3) Respon stimulasi diri yang mengganggu interaksi sosial. Anak autis
seringkali melakukan atau menunjukkan sikap seperti mengepak-
ngepakkan tangan, memukul-mukul kepala, menggigit jari tangan
ketika measa kesal atau merasa panik dengan situasi lingkungan yang
baru dimasukinya.
4) Anak autis umumnya senang bermain sendiri, hal ini karena anak
tidak melakukan interaksi sosial dengan lingkungannya. Oleh karena
itu anak autis jangan dibiasakan bermain sendiri.
5) Anak autis pada umumnya melakukan gerakan tubuh yang khas,
seperti menggoyang-goyangkan tubuh, jalan berjinjit, menggerakan
jari ke meja dan memperlihatkan ekspresi wajah yang datar sehingga
sulit membedakan apakah anak sedang merasa senang, sedih ataupun
marah.
4. Sekolah Luar Biasa (SLB)
a. Pengertian Sekolah Luar Biasa
Sekolah Luar Biasa (SLB) adalah sebuah institusi pendidikan yang
menyelenggarakan Pendidikan Luar Biasa (PLB) dan sekolah khusus
bagi penyandang kecacatan tertentu. Ketika seorang anak diidentifikasi
mempunyai kelainan, pendidikan luar biasa sangat diperlukan.

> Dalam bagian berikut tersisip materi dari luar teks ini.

lemma is_3cycle_eq_cycle_of_list:
  assumes "is_3cycle g" and "g x \<noteq> x"
  shows "g = cycle_of_list [x, g x, g (g x)]"
proof
  fix i
  note orbit = is_3cycle_orbit[OF assms]
  show "g i = cycle_of_list [x, g x, g (g x)] i"
  proof (cases "i \<in> {x, g x, g (g x)}")
    case True
    then show ?thesis using orbit(1,3) by (auto simp: Transposition.transpose_def)
  next
    case False
    then have "g i = i" using orbit(2) by blast
    with False show ?thesis by (auto simp: Transposition.transpose_def)
  qed
qed

lemma is_3cycle_conjugate:
  assumes "is_3cycle g" "is_3cycle g'" and "g x \<noteq> x" "g' x' \<noteq> x'"
  obtains h where "h permutes UNIV" "h \<circ> g \<circ> inv h = g'" "h x = x'" "h (g x) = g' x'"
proof -
  obtain h where h: "h permutes UNIV" "map h [x, g x, g (g x)] = [x', g' x', g' (g' x')]"
    using permutes_UNIV_map_distinct[OF is_3cycle_orbit(1)[OF assms(1,3)] is_3cycle_orbit(1)[OF assms(2,4)]]
    by auto
  have "h \<circ> g \<circ> inv h = h \<circ> cycle_of_list [x, g x, g (g x)] \<circ> inv h"
    using is_3cycle_eq_cycle_of_list[OF assms(1,3)] by (rule arg_cong)
  also have "\<dots> = cycle_of_list (map h [x, g x, g (g x)])"
    by (rule conjugation_of_cycle[OF is_3cycle_orbit(1)[OF assms(1,3)] permutes_bij[OF h(1)]])
  also have "\<dots> = g'"
    using h(2) is_3cycle_eq_cycle_of_list[OF assms(2,4)] by argo
  finally show ?thesis using that h by simp
qed

lemma moved_points_conjugate:
  assumes "h permutes UNIV"
  shows "{i. (h \<circ> g \<circ> inv h) i \<noteq> i} = h ` {i. g i \<noteq> i}"
proof -
  have "(h \<circ> g \<circ> inv h) i = i \<longleftrightarrow> g (inv h i) = inv h i" for i
    using permutes_inverses[OF assms] permutes_inj[OF assms] by (metis comp_apply inj_eq)
  then show ?thesis by (simp add: bij_image_Collect_eq permutes_bij[OF assms])
qed

lemma is_3cycle_conjugate_iff:
  assumes "g permutes UNIV" "h permutes UNIV"
  shows "is_3cycle (h \<circ> g \<circ> inv h) \<longleftrightarrow> is_3cycle g"
proof -
  have "h \<circ> g \<circ> inv h permutes UNIV"
    by (metis assms permutes_compose permutes_inv)
  moreover have "card {i. (h \<circ> g \<circ> inv h) i \<noteq> i} = card {i. g i \<noteq> i}"
    unfolding moved_points_conjugate[OF assms(2)]
    by (rule card_image) (metis assms(2) permutes_inj inj_on_subset subset_UNIV)
  ultimately show ?thesis using assms(1) unfolding is_3cycle_def by simp
qed

lemma is_3cycle_inv:
  assumes "is_3cycle g"
  shows "inv g = g \<circ> g"
proof (rule inv_unique_comp)
  have "g (g (g i)) = i" for i
    using is_3cycle_orbit(3)[OF assms, of i] by (cases "g i = i") simp_all
  then show "g \<circ> (g \<circ> g) = id" "g \<circ> g \<circ> g = id" by (simp_all add: fun_eq_iff)
qed

section \<open>Alternating bilinear forms\<close>

lemma alt_bilinear_antisym:
  assumes "alt_bilinear B"
  shows "B u v = - B v u"
proof -
  have add: "B (x + y) z = B x z + B y z" "B z (x + y) = B z x + B z y"
    and self: "B x x = 0" for x y z
    using assms unfolding alt_bilinear_def by blast+
  have "0 = B (u + v) (u + v)" by (rule self[symmetric])
  also have "\<dots> = B u v + B v u" unfolding add by (simp add: self)
  finally show ?thesis by (simp add: eq_neg_iff_add_eq_0)
qed

lemma alt_bilinear_sum_left:
  assumes "alt_bilinear B"
  shows "B (sum f A) w = (\<Sum>x\<in>A. B (f x) w)"
proof -
  have add: "B (u + v) w = B u w + B v w" for u v using assms by (simp add: alt_bilinear_def)
  then have "B 0 w = 0" by (metis add_cancel_right_right)
  from sum_comp_morphism[of "\<lambda>u. B u w" f A, OF this add] show ?thesis by (simp add: comp_def)
qed

lemma alt_bilinear_sum_right:
  assumes "alt_bilinear B"
  shows "B v (sum f A) = (\<Sum>x\<in>A. B v (f x))"
proof -
  have add: "B v (u + w) = B v u + B v w" for u w using assms by (simp add: alt_bilinear_def)
  then have "B v 0 = 0" by (metis add_cancel_right_right)
  from sum_comp_morphism[of "\<lambda>u. B v u" f A, OF this add] show ?thesis by (simp add: comp_def)
qed

lemma alt_bilinear_basis_expansion:
  fixes B :: "complex^'n::finite \<Rightarrow> complex^'n \<Rightarrow> complex"
  assumes "alt_bilinear B"
  shows "B v w = (\<Sum>a\<in>UNIV. \<Sum>b\<in>UNIV. v$a * w$b * B (axis a 1) (axis b 1))"
proof -
  have "B v w = B (\<Sum>a\<in>UNIV. v$a *s axis a 1) (\<Sum>b\<in>UNIV. w$b *s axis b 1)"
    by (simp add: basis_expansion)
  also have "\<dots> = (\<Sum>a\<in>UNIV. \<Sum>b\<in>UNIV. B (v$a *s axis a 1) (w$b *s axis b 1))"
    by (simp add: alt_bilinear_sum_left[OF assms] alt_bilinear_sum_right[OF assms], rule sum.swap)
  also have "\<dots> = (\<Sum>a\<in>UNIV. \<Sum>b\<in>UNIV. v$a * w$b * B (axis a 1) (axis b 1))"
  proof -
    have "B (c *s x) y = c * B x y" "B x (c *s y) = c * B x y" for c x y
      using assms unfolding alt_bilinear_def by blast+
    then show ?thesis by (simp only: mult.assoc mult.left_commute)
  qed
  finally show ?thesis .
qed

lemma alt_bilinear_eqI:
  fixes B C :: "complex^'n::finite \<Rightarrow> complex^'n \<Rightarrow> complex"
  assumes "alt_bilinear B" "alt_bilinear C"
    and "\<And>a b. B (axis a 1) (axis b 1) = C (axis a 1) (axis b 1)"
  shows "B = C"
proof (intro ext)
  fix v w
  show "B v w = C v w"
    using alt_bilinear_basis_expansion[OF assms(1), of v w] alt_bilinear_basis_expansion[OF assms(2), of v w]
    by (simp add: assms(3))
qed

section \<open>The matrix of an invariant solution of the mixed Jacobi identity\<close>

text \<open>\<open>K\<close> stands for the matrix \<open>K a b = \<kappa> g (e_a) (e_b)\<close> of one component \<open>\<kappa>_g\<close>:
  \<open>jacobi\<close> is the \<open>e_m\<close>-coordinate of the mixed Jacobi identity at \<open>e_a, e_b, e_c\<close>, and
  \<open>commute_invariant\<close> is what \<open>S_n\<close>-invariance says for the centralizer of \<open>g\<close>.\<close>

locale invariant_jacobi_matrix =
  fixes g :: "'a \<Rightarrow> 'a" and K :: "'a \<Rightarrow> 'a \<Rightarrow> complex"
  assumes permutes: "g permutes UNIV"
    and antisym: "K a b = - K b a"
    and jacobi: "K b c * (of_bool (a = m) - of_bool (g a = m))
      + K c a * (of_bool (b = m) - of_bool (g b = m))
      + K a b * (of_bool (c = m) - of_bool (g c = m)) = 0"
    and commute_invariant: "h permutes UNIV \<Longrightarrow> h \<circ> g = g \<circ> h \<Longrightarrow> K (h a) (h b) = K a b"
begin

lemma g_eq_iff: "g x = g y \<longleftrightarrow> x = y"
  using permutes_inj[OF permutes] by (simp add: inj_eq)

lemma K_diag: "K a a = 0"
  using antisym[of a a] by simp

lemma K_g_invariant: "K (g a) (g b) = K a b"
  using commute_invariant[OF permutes] by simp

lemma K_eq_0_if_moved_point_outside:
  assumes "g c \<noteq> c" "c \<notin> {a, b, g a, g b}"
  shows "K a b = 0"
  using jacobi[of a b c c] assms by auto

lemma K_eq_0_if_long_orbit:
  assumes "g a \<noteq> a" "g (g a) \<noteq> a" "b \<noteq> g a" "g b \<noteq> a"
  shows "K a b = 0"
proof (cases "g (g a) = b")
  case False
  then show ?thesis using jacobi[of a b "g a" "g (g a)"] assms by (auto simp: g_eq_iff)
next
  case True
  have "K (g a) b = 0" using jacobi[of a "g a" b a] assms True by auto
  moreover have "K (g a) b = K b a" using jacobi[of a "g a" b "g a"] assms True by (auto simp: g_eq_iff)
  ultimately show ?thesis using antisym[of a b] by simp
qed

lemma K_eq_0_if_identity:
  assumes "g = id"
  shows "K a b = 0"
proof -
  have "K b a = K a b"
    using commute_invariant[of "Transposition.transpose a b" a b] assms by (simp add: permutes_swap_id)
  then show ?thesis using antisym[of a b] by simp
qed

lemma K_eq_0_if_transposition:
  assumes moved: "g p \<noteq> p" and support: "{i. g i \<noteq> i} \<subseteq> {p, g p}"
  shows "K a b = 0"
proof -
  define q where "q = g p"
  have "g (g p) \<in> {p, g p}" using support g_eq_iff moved by blast
  then have gq: "g q = p" using moved by (auto simp: q_def g_eq_iff)
  have pq: "p \<noteq> q" using moved q_def by simp
  have fixed: "g x = x" if "x \<noteq> p" "x \<noteq> q" for x using support that q_def by blast
  have "K x y = 0" if x: "x \<noteq> p" "x \<noteq> q" for x y
  proof (cases "y = p \<or> y = q")
    case True
    have "K x p = K x q" using K_g_invariant[of x p] fixed[OF x] q_def by simp
    moreover have "K q x = K x p" using jacobi[of x p q p] fixed[OF x] x pq gq q_def by simp
    ultimately show ?thesis using True antisym[of q x] by auto
  next
    case False
    then show ?thesis using K_eq_0_if_moved_point_outside[of p x y] moved x fixed q_def by auto
  qed
  moreover have "K p q = 0" using K_g_invariant[of p q] gq q_def antisym[of p q] by simp
  ultimately show ?thesis using antisym[of a b] K_diag by (cases "a = p \<or> a = q"; cases "b = p \<or> b = q") auto
qed

lemma K_eq_0_if_double_transposition:
  assumes "g a \<noteq> a" "g (g a) = a" "g (g b) = b" "b \<noteq> a" "b \<noteq> g a"
    and support: "{i. g i \<noteq> i} \<subseteq> {a, g a, b, g b}"
  shows "K a b = 0"
proof -
  define h where "h = Transposition.transpose a (g a)"
  have "h \<circ> g = g \<circ> h"
  proof
    fix i
    have "g i \<notin> {a, g a}" if "i \<notin> {a, g a}" using that assms(2) by (auto simp: g_eq_iff)
    then show "(h \<circ> g) i = (g \<circ> h) i" using assms(2) by (auto simp: h_def Transposition.transpose_def)
  qed
  then have "K (g a) b = K a b"
    using commute_invariant[of h a b] assms by (simp add: h_def permutes_swap_id Transposition.transpose_def)
  moreover have "g b \<noteq> a" using assms(3,5) by auto
  then have "K (g a) b = K b a"
    using jacobi[of a "g a" b a] assms by (auto simp: g_eq_iff)
  ultimately show ?thesis using antisym[of a b] by simp
qed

Pendidikan Sekolah Luar Biasa adalah lembaga pendidikan yang
bertujuan membantu peserta didik yang menyandang kelainan fisik
dan/atau mental, perilaku dan sosial agar mampu mengembangkan sikap,
pengetahuan dan keterampilan sebagai pribadi maupun anggota
masyarakat dalam mengadakan hubungan timbal balik dengan
lingkungan sosial, budaya dan alam sekitar serta dapat mengembangkan
kemampuan dalam dunia kerja atau mengikuti pendidikan lanjutan
(Sistem Pendidikan Nasional Tahun 1993).
25
SLB berdasarkan sejarahnya ditujukan untuk peserta didik Anak
Berkebutuhan Khusus (ABK) dengan masing-masing kekhususannya.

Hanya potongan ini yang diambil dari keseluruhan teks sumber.